| Exercise brief |
Among the entries below, extract exactly the lines that run from the one with "proof (intro nn_integral_cong)" through the one with "by (intro nn_integral_cong) (auto", both ends included.

++++++++

(* Let $(X_1,Y_1),(X_2,Y_2),\dots$ be a random sample (i.i.d. copies) of a random vector $(X,Y)$ with continuous joint distribution function $H$, marginal distribution functions $F$ and $G$, and (unique) copula $A$. Assume that $A$ allows a continuous Markov kernel $K_A$, define $K_H(x,(-\infty,y]):=K_A(F(x),[0,G(y)])$, and set $N(n):=\lfloor n^s\rfloor$ for some $s\in(0,\tfrac12)$. Let $x\in\mathbb{R}$ be a point in which the regularity assumption holds, i.e. the sequence $(Z_n^{(x)})_{n\in\mathbb{N}}$ is uniformly integrable, where $Z_n^{(x)}$ has distribution function $y\mapsto K_{\mathcal{CB}_{N(n)}(E_n)}(F_n(x),[0,G_n(y)])$. Define $$r_n^+(x):=\int_{(0,\infty)}1-K_{\mathcal{CB}_{N(n)}(E_n)}(F_n(x),[0,G_n(y)])\,d\lambda(y),\qquad r_n^-(x):=\int_{(-\infty,0)}K_{\mathcal{CB}_{N(n)}(E_n)}(F_n(x),[0,G_n(y)])\,d\lambda(y),$$ and $r_n(x):=r_n^+(x)-r_n^-(x)$. Then $r_n(x)\to\mathbb{E}[Y\mid X=x]$ almost surely as $n\to\infty$, where $\mathbb{E}[Y\mid X=x]:=\int_{\mathbb{R}}y\,K_H(x,dy)$.
   Context: A (bivariate) copula is a distribution function on $[0,1]^2$ with uniform marginals; each copula $B$ corresponds to a doubly stochastic measure $\mu_B$ with $B(x,y)=\mu_B([0,x]\times[0,y])$. A Markov kernel of a copula $B$ is a map $K_B:[0,1]\times\mathcal{B}([0,1])\to[0,1]$, measurable in the first argument, a probability measure in the second, with $\int_{E_1}K_B(x,E_2)\,d\lambda(x)=\mu_B(E_1\times E_2)$ for all Borel $E_1,E_2\subseteq[0,1]$ ($\lambda$ = Lebesgue measure). $A$ allows a continuous Markov kernel if it has a version $K_A$ with $(x,y)\mapsto K_A(x,[0,y])$ continuous on $[0,1]^2$; $K_A$ denotes this version, and $K_H(x,\cdot)$ is the probability measure on $\mathbb{R}$ with the stated distribution function. Checkerboard approximation: $I_1^N=[0,\tfrac1N]$, $I_i^N=(\tfrac{i-1}N,\tfrac iN]$ ($i=2,\dots,N$), $Q_{i,j}^N=I_i^N\times I_j^N$; for a copula $B$, $K_{\mathcal{CB}_N(B)}(u,[0,v])=N^2\sum_{i,j=1}^N\mu_B(Q^N_{i,j})\mathbf 1_{I^N_i}(u)\,\lambda([0,v]\cap I^N_j)$ is the Markov kernel of the absolutely continuous copula $\mathcal{CB}_N(B)$ with density $N^2\sum_{i,j}\mu_B(Q^N_{i,j})\mathbf 1_{Q^N_{i,j}}$. $F_n,G_n$ are the univariate empirical distribution functions of the first $n$ observations; $E_n$ is the empirical copula: with $H_n$ the bivariate empirical distribution function, almost surely there is a unique subcopula $E_n'$ on $\{0,\tfrac1n,\dots,1\}^2$ with $H_n(x,y)=E_n'(F_n(x),G_n(y))$, and $E_n$ is its extension to a copula by bilinear interpolation on each square $[\tfrac{i-1}n,\tfrac in]\times[\tfrac{j-1}n,\tfrac jn]$. *)

theory Defs
  imports "HOL-Probability.Probability"
begin

text \<open>A (bivariate) copula, viewed as a function on the unit square (values outside
  [0,1]^2 are irrelevant): grounded, uniform margins, 2-increasing.\<close>
definition copula :: "(real \<Rightarrow> real \<Rightarrow> real) \<Rightarrow> bool" where
  "copula C \<longleftrightarrow>
     (\<forall>u\<in>{0..1}. C u 0 = 0 \<and> C 0 u = 0 \<and> C u 1 = u \<and> C 1 u = u) \<and>
     (\<forall>u1 u2 v1 v2. 0 \<le> u1 \<longrightarrow> u1 \<le> u2 \<longrightarrow> u2 \<le> 1 \<longrightarrow> 0 \<le> v1 \<longrightarrow> v1 \<le> v2 \<longrightarrow> v2 \<le> 1 \<longrightarrow>
        C u2 v2 - C u1 v2 - C u2 v1 + C u1 v1 \<ge> 0)"

definition doubly_stochastic_measure_of ::
  "(real \<Rightarrow> real \<Rightarrow> real) \<Rightarrow> (real \<times> real) measure \<Rightarrow> bool" where
  "doubly_stochastic_measure_of B \<mu> \<longleftrightarrow>
     sets \<mu> = sets borel \<and> finite_measure \<mu> \<and>
     emeasure \<mu> (UNIV - {0..1} \<times> {0..1}) = 0 \<and>
     (\<forall>x\<in>{0..1}. \<forall>y\<in>{0..1}. measure \<mu> ({0..x} \<times> {0..y}) = B x y)"

definition markov_kernel_of ::
  "(real \<Rightarrow> real \<Rightarrow> real) \<Rightarrow> (real \<Rightarrow> real set \<Rightarrow> real) \<Rightarrow> bool" where
  "markov_kernel_of B K \<longleftrightarrow>
     (\<forall>E\<in>sets (restrict_space borel {0..1::real}).
        (\<lambda>x. K x E) \<in> borel_measurable (restrict_space borel {0..1::real})) \<and>
     (\<forall>x\<in>{0..1}. \<exists>P. prob_space P \<and> sets P = sets (restrict_space borel {0..1::real}) \<and>
        (\<forall>E\<in>sets P. K x E = measure P E)) \<and>
     (\<exists>\<mu>. doubly_stochastic_measure_of B \<mu> \<and>
        (\<forall>E1\<in>sets (restrict_space borel {0..1::real}). \<forall>E2\<in>sets (restrict_space borel {0..1::real}).
           (LINT x:E1|lborel. K x E2) = measure \<mu> (E1 \<times> E2)))"

definition cb_interval :: "nat \<Rightarrow> nat \<Rightarrow> real set" where
  "cb_interval N i = (if i = 1 then {0..1 / real N} else {(real i - 1) / real N<..real i / real N})"

text \<open>mu_B(Q_{i,j}^N), computed from B (copula measures put no mass on the lines
  {0} x [0,1] and [0,1] x {0}).\<close>
definition rect_mass :: "(real \<Rightarrow> real \<Rightarrow> real) \<Rightarrow> nat \<Rightarrow> nat \<Rightarrow> nat \<Rightarrow> real" where
  "rect_mass B N i j =
     B (real i / real N) (real j / real N) - B ((real i - 1) / real N) (real j / real N)
     - B (real i / real N) ((real j - 1) / real N) + B ((real i - 1) / real N) ((real j - 1) / real N)"

definition cb_kernel_cdf :: "nat \<Rightarrow> (real \<Rightarrow> real \<Rightarrow> real) \<Rightarrow> real \<Rightarrow> real \<Rightarrow> real" where
  "cb_kernel_cdf N B u v =
     (real N)^2 * (\<Sum>i\<in>{1..N}. \<Sum>j\<in>{1..N}.
        rect_mass B N i j * indicator (cb_interval N i) u * measure lborel ({0..v} \<inter> cb_interval N j))"

text \<open>Univariate / bivariate empirical distribution functions of the first n observations
  (observations indexed 0,...,n-1).\<close>
definition emp_df :: "(nat \<Rightarrow> 'a \<Rightarrow> real) \<Rightarrow> nat \<Rightarrow> 'a \<Rightarrow> real \<Rightarrow> real" where
  "emp_df Z n \<omega> x = real (card {i. i < n \<and> Z i \<omega> \<le> x}) / real n"

definition emp_joint ::
  "(nat \<Rightarrow> 'a \<Rightarrow> real) \<Rightarrow> (nat \<Rightarrow> 'a \<Rightarrow> real) \<Rightarrow> nat \<Rightarrow> 'a \<Rightarrow> real \<Rightarrow> real \<Rightarrow> real" where
  "emp_joint Xs Ys n \<omega> x y = real (card {i. i < n \<and> Xs i \<omega> \<le> x \<and> Ys i \<omega> \<le> y}) / real n"

text \<open>A subcopula on the grid {0,1/n,...,1}^2, represented by its values S i j at (i/n, j/n)
  (set to 0 off the grid so that it is determined by its grid values).\<close>
definition grid_subcopula :: "nat \<Rightarrow> (nat \<Rightarrow> nat \<Rightarrow> real) \<Rightarrow> bool" where
  "grid_subcopula n S \<longleftrightarrow>
     (\<forall>i j. n < i \<or> n < j \<longrightarrow> S i j = 0) \<and>
     (\<forall>j\<le>n. S 0 j = 0 \<and> S n j = real j / real n) \<and>
     (\<forall>i\<le>n. S i 0 = 0 \<and> S i n = real i / real n) \<and>
     (\<forall>i<n. \<forall>j<n. S (Suc i) (Suc j) - S i (Suc j) - S (Suc i) j + S i j \<ge> 0)"

text \<open>Empirical subcopula E_n': the (a.s. unique) grid subcopula with
  H_n(x,y) = E_n'(F_n x, G_n y); note F_n x = card{...}/n.\<close>
definition emp_subcopula ::
  "(nat \<Rightarrow> 'a \<Rightarrow> real) \<Rightarrow> (nat \<Rightarrow> 'a \<Rightarrow> real) \<Rightarrow> nat \<Rightarrow> 'a \<Rightarrow> nat \<Rightarrow> nat \<Rightarrow> real" where
  "emp_subcopula Xs Ys n \<omega> = (THE S. grid_subcopula n S \<and>
     (\<forall>x y. emp_joint Xs Ys n \<omega> x y =
        S (card {i. i < n \<and> Xs i \<omega> \<le> x}) (card {i. i < n \<and> Ys i \<omega> \<le> y})))"

definition grid_bilinear :: "nat \<Rightarrow> (nat \<Rightarrow> nat \<Rightarrow> real) \<Rightarrow> real \<Rightarrow> real \<Rightarrow> real" where
  "grid_bilinear n S u v =
     (let i = min (nat \<lfloor>real n * u\<rfloor>) (n - 1); j = min (nat \<lfloor>real n * v\<rfloor>) (n - 1);
          s = real n * u - real i; t = real n * v - real j
      in (1 - s) * (1 - t) * S i j + s * (1 - t) * S (Suc i) j
         + (1 - s) * t * S i (Suc j) + s * t * S (Suc i) (Suc j))"

definition emp_copula ::
  "(nat \<Rightarrow> 'a \<Rightarrow> real) \<Rightarrow> (nat \<Rightarrow> 'a \<Rightarrow> real) \<Rightarrow> nat \<Rightarrow> 'a \<Rightarrow> real \<Rightarrow> real \<Rightarrow> real" where
  "emp_copula Xs Ys n \<omega> = grid_bilinear n (emp_subcopula Xs Ys n \<omega>)"

text \<open>Uniform integrability of a sequence of random variables, expressed through their
  distributions mu_n: lim_{c->oo} sup_n E[|Z_n| 1{|Z_n| >= c}] = 0.\<close>
definition unif_integrable_dists :: "(nat \<Rightarrow> real measure) \<Rightarrow> bool" where
  "unif_integrable_dists \<mu> \<longleftrightarrow>
     (\<forall>e>0. \<exists>c. \<forall>n. (\<integral>\<^sup>+ y. indicator {y. c \<le> \<bar>y\<bar>} y * ennreal \<bar>y\<bar> \<partial>\<mu> n) \<le> ennreal e)"

end

theory Submission
  imports Defs "HOL-Real_Asymp.Real_Asymp"
begin

text \<open>
  By the layer-cake formula, r_n(x) is the mean of the distribution with distribution function
  C_n(y) = K_{CB_N(n)(E_n)}(F_n(x), [0, G_n(y)]), and the claimed limit is the mean of the
  distribution with distribution function y \<mapsto> K_A(F(x), [0, G(y)]). Under uniform
  integrability, pointwise convergence of distribution functions implies convergence of their
  means, so it suffices to show C_n(y) \<rightarrow> K_A(F(x), [0, G(y)]) almost surely.

  Hoeffding's inequality on a grid of quantiles, together with Borel--Cantelli (this is where
  s < 1/2 enters), shows that almost surely H_n, F_n and G_n converge uniformly faster than n^(-s).
  Since copulas are 1-Lipschitz in each variable, N(n) sup |E_n - A| \<rightarrow> 0. Finally the
  checkerboard kernel of B is within 4 N sup |B - A| of that of A, and the checkerboard kernel of A
  interpolates averages of the continuous kernel K_A over strips of width 1/N.
\<close>

section \<open>Means from distribution functions\<close>

lemma nn_integral_measure_greaterThan:
  assumes nu: "real_distribution \<nu>"
  shows "(\<integral>\<^sup>+ y. indicator {c<..} y * ennreal (measure \<nu> {y<..}) \<partial>lborel)
       = (\<integral>\<^sup>+ z. ennreal (max 0 (z - c)) \<partial>\<nu>)"
proof -
  interpret real_distribution \<nu> by (rule nu)
  interpret pair_sigma_finite \<nu> lborel by unfold_locales
  have sn[measurable_cong]: "sets \<nu> = sets borel" by simp
  have "(\<integral>\<^sup>+ y. indicator {c<..} y * ennreal (measure \<nu> {y<..}) \<partial>lborel)
      = (\<integral>\<^sup>+ y. (\<integral>\<^sup>+ z. indicator {c<..} y * indicator {y<..} z \<partial>\<nu>) \<partial>lborel)"
    by (intro nn_integral_cong) (simp add: nn_integral_cmult emeasure_eq_measure[symmetric])
  also have "\<dots> = (\<integral>\<^sup>+ z. (\<integral>\<^sup>+ y. indicator {c<..} y * indicator {y<..} z \<partial>lborel) \<partial>\<nu>)"
  proof (rule Fubini')
    have "Measurable.pred (borel \<Otimes>\<^sub>M borel) (\<lambda>p::real \<times> real. c < snd p \<and> snd p < fst p)"
      by measurable
    then have "(\<lambda>p. indicator {p::real \<times> real. c < snd p \<and> snd p < fst p} p :: ennreal)
        \<in> borel_measurable (\<nu> \<Otimes>\<^sub>M lborel)"
      by (simp add: pred_def space_pair_measure sets_pair_measure_cong[OF sn sets_lborel])
    moreover have "(\<lambda>(z, y). indicator {c<..} y * indicator {y<..} z :: ennreal)
        = (\<lambda>p. indicator {p::real \<times> real. c < snd p \<and> snd p < fst p} p)"
      by (auto simp: indicator_def fun_eq_iff)
    ultimately show "(\<lambda>(z, y). indicator {c<..} y * indicator {y<..} z :: ennreal)
        \<in> borel_measurable (\<nu> \<Otimes>\<^sub>M lborel)"
      by simp
  qed
  also have "\<dots> = (\<integral>\<^sup>+ z. ennreal (max 0 (z - c)) \<partial>\<nu>)"
  proof (intro nn_integral_cong)
    fix z :: real
    have "(\<integral>\<^sup>+ y. indicator {c<..} y * indicator {y<..} z \<partial>lborel) = (\<integral>\<^sup>+ y. indicator {c<..<z} y \<partial>lborel)"
      by (intro nn_integral_cong) (auto simp: indicator_def)
    then show "(\<integral>\<^sup>+ y. indicator {c<..} y * indicator {y<..} z \<partial>lborel) = ennreal (max 0 (z - c))"
      by (cases "c \<le> z") auto
  qed
  finally show ?thesis .
qed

++++++++

| Answer for the task |
  proof (intro nn_integral_cong)
    fix z :: real
    have "(\<integral>\<^sup>+ y. indicator {c<..} y * indicator {y<..} z \<partial>lborel) = (\<integral>\<^sup>+ y. indicator {c<..<z} y \<partial>lborel)"
      by (intro nn_integral_cong) (auto simp: indicator_def)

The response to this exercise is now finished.